→ **Problem description**: Scan the records below. List lines holding "that".

→ **Material provided**:
Segment Open
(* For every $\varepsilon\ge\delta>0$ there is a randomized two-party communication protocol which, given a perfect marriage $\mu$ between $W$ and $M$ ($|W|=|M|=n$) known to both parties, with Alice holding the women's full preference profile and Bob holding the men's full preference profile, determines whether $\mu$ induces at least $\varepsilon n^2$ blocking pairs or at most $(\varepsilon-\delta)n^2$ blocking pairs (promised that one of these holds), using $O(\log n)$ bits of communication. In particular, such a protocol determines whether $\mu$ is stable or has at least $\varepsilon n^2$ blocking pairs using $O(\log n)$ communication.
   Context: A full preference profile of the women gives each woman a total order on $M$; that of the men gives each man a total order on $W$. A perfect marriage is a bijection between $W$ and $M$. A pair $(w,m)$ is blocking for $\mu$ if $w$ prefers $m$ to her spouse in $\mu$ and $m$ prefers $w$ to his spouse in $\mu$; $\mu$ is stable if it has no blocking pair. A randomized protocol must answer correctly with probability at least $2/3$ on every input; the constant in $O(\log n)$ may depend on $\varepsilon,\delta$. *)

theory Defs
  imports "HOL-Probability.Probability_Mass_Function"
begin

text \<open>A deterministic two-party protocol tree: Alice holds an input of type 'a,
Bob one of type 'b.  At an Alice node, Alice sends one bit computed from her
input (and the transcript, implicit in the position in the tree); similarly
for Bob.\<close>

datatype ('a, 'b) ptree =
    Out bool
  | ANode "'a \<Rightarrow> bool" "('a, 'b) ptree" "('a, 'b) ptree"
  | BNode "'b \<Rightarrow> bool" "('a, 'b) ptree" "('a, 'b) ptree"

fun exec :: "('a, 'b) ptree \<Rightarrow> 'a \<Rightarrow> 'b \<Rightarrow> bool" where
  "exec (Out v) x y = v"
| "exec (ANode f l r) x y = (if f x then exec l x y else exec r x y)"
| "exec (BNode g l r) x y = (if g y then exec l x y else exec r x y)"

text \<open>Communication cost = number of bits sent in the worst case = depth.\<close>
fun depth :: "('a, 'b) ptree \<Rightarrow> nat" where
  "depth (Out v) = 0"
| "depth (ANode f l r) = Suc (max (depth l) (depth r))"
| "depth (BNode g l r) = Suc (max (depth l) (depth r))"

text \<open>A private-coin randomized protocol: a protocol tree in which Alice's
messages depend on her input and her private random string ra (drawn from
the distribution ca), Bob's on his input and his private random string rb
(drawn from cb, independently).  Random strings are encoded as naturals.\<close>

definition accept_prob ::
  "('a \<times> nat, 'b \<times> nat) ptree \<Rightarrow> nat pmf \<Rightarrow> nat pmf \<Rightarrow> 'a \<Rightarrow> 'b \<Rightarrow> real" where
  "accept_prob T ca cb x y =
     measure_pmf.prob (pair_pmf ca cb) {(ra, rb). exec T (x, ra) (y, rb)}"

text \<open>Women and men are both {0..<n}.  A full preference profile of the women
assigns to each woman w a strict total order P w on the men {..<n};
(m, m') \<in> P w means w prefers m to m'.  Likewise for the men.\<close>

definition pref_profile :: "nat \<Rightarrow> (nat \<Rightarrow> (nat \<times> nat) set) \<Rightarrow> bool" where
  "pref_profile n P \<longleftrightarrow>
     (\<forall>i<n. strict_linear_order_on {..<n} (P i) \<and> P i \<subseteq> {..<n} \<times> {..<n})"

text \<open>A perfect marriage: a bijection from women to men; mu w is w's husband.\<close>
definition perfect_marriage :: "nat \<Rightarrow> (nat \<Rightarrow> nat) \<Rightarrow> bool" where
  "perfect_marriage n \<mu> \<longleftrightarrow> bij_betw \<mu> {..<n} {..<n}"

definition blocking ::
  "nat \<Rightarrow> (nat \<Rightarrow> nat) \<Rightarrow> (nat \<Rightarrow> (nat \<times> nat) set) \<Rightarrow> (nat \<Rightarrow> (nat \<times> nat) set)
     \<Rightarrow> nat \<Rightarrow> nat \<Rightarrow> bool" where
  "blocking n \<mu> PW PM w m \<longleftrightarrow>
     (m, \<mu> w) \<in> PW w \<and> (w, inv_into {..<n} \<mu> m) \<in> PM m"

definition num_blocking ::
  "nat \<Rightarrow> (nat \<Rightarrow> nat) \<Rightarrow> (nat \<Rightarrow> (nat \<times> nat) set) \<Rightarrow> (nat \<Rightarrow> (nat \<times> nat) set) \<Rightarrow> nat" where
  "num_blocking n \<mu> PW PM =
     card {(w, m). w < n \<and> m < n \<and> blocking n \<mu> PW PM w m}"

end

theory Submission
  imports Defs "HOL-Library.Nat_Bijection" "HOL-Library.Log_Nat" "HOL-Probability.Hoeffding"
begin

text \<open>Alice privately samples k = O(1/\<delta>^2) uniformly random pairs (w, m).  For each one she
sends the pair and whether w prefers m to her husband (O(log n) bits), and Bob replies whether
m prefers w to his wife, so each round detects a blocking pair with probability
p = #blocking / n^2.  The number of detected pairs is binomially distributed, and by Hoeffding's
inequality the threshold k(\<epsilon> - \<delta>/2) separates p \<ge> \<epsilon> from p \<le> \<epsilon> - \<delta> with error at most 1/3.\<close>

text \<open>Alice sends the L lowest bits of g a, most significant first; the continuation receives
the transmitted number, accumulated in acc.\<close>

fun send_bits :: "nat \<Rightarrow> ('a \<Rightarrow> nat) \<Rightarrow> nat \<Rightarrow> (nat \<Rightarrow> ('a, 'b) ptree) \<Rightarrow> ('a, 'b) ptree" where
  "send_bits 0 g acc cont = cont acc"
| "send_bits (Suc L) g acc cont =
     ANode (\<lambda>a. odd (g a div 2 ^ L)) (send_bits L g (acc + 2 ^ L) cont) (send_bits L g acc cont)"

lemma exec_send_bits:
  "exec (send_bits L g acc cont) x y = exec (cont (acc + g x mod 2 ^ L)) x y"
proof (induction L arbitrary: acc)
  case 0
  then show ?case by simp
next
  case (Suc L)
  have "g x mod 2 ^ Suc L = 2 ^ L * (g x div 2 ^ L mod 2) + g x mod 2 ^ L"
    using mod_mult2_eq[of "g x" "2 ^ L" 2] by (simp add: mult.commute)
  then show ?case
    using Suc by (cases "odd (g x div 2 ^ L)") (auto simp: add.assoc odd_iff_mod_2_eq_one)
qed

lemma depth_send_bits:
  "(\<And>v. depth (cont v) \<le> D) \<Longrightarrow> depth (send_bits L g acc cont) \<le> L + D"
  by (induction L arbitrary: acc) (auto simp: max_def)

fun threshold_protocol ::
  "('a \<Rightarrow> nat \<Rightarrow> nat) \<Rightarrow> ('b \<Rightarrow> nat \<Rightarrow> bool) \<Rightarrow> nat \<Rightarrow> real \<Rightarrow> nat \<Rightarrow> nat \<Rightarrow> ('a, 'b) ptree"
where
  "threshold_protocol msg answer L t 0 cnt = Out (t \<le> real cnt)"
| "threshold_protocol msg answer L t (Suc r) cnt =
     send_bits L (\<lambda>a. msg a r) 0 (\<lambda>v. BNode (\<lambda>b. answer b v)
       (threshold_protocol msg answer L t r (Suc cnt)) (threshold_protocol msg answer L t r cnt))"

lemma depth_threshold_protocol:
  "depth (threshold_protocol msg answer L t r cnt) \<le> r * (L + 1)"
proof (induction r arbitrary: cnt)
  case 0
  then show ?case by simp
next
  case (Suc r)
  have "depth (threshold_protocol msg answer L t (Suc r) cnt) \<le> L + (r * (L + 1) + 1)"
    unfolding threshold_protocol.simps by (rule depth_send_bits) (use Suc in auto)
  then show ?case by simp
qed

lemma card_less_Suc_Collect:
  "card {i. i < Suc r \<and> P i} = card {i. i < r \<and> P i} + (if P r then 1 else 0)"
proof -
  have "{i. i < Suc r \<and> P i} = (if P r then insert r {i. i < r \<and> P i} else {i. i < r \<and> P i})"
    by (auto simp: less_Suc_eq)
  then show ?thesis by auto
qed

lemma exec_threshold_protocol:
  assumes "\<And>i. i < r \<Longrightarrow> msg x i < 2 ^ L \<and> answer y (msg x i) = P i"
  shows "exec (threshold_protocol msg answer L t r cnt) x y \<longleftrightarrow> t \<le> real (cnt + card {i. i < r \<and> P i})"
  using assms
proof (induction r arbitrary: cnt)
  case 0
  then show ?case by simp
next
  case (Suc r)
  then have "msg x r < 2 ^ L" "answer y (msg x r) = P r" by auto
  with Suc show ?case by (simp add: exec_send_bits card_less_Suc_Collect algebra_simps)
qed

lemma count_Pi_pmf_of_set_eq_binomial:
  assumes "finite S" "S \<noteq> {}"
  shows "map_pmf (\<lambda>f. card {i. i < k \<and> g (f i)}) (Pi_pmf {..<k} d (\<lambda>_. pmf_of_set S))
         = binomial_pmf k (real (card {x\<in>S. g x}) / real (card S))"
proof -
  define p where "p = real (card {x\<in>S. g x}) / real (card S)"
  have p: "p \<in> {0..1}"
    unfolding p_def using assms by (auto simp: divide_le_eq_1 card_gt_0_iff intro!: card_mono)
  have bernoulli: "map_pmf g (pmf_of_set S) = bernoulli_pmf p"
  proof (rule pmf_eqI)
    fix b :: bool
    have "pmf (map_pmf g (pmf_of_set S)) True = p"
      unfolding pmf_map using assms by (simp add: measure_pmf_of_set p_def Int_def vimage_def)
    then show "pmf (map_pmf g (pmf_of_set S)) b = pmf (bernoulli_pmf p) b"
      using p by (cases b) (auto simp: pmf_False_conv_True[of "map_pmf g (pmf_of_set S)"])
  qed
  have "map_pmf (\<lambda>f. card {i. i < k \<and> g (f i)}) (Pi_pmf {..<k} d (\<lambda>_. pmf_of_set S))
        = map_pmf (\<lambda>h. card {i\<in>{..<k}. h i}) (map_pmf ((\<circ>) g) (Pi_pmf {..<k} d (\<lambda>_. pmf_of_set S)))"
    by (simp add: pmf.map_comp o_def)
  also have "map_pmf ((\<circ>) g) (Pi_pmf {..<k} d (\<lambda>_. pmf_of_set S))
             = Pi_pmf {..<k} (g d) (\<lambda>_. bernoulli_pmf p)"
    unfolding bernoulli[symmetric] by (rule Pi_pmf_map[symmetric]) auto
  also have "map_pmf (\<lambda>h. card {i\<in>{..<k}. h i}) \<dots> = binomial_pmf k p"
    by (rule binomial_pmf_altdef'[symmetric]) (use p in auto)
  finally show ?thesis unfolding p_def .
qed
Segment Closed
→ **Solution for this problem**:
(* For every $\varepsilon\ge\delta>0$ there is a randomized two-party communication protocol which, given a perfect marriage $\mu$ between $W$ and $M$ ($|W|=|M|=n$) known to both parties, with Alice holding the women's full preference profile and Bob holding the men's full preference profile, determines whether $\mu$ induces at least $\varepsilon n^2$ blocking pairs or at most $(\varepsilon-\delta)n^2$ blocking pairs (promised that one of these holds), using $O(\log n)$ bits of communication. In particular, such a protocol determines whether $\mu$ is stable or has at least $\varepsilon n^2$ blocking pairs using $O(\log n)$ communication.
   Context: A full preference profile of the women gives each woman a total order on $M$; that of the men gives each man a total order on $W$. A perfect marriage is a bijection between $W$ and $M$. A pair $(w,m)$ is blocking for $\mu$ if $w$ prefers $m$ to her spouse in $\mu$ and $m$ prefers $w$ to his spouse in $\mu$; $\mu$ is stable if it has no blocking pair. A randomized protocol must answer correctly with probability at least $2/3$ on every input; the constant in $O(\log n)$ may depend on $\varepsilon,\delta$. *)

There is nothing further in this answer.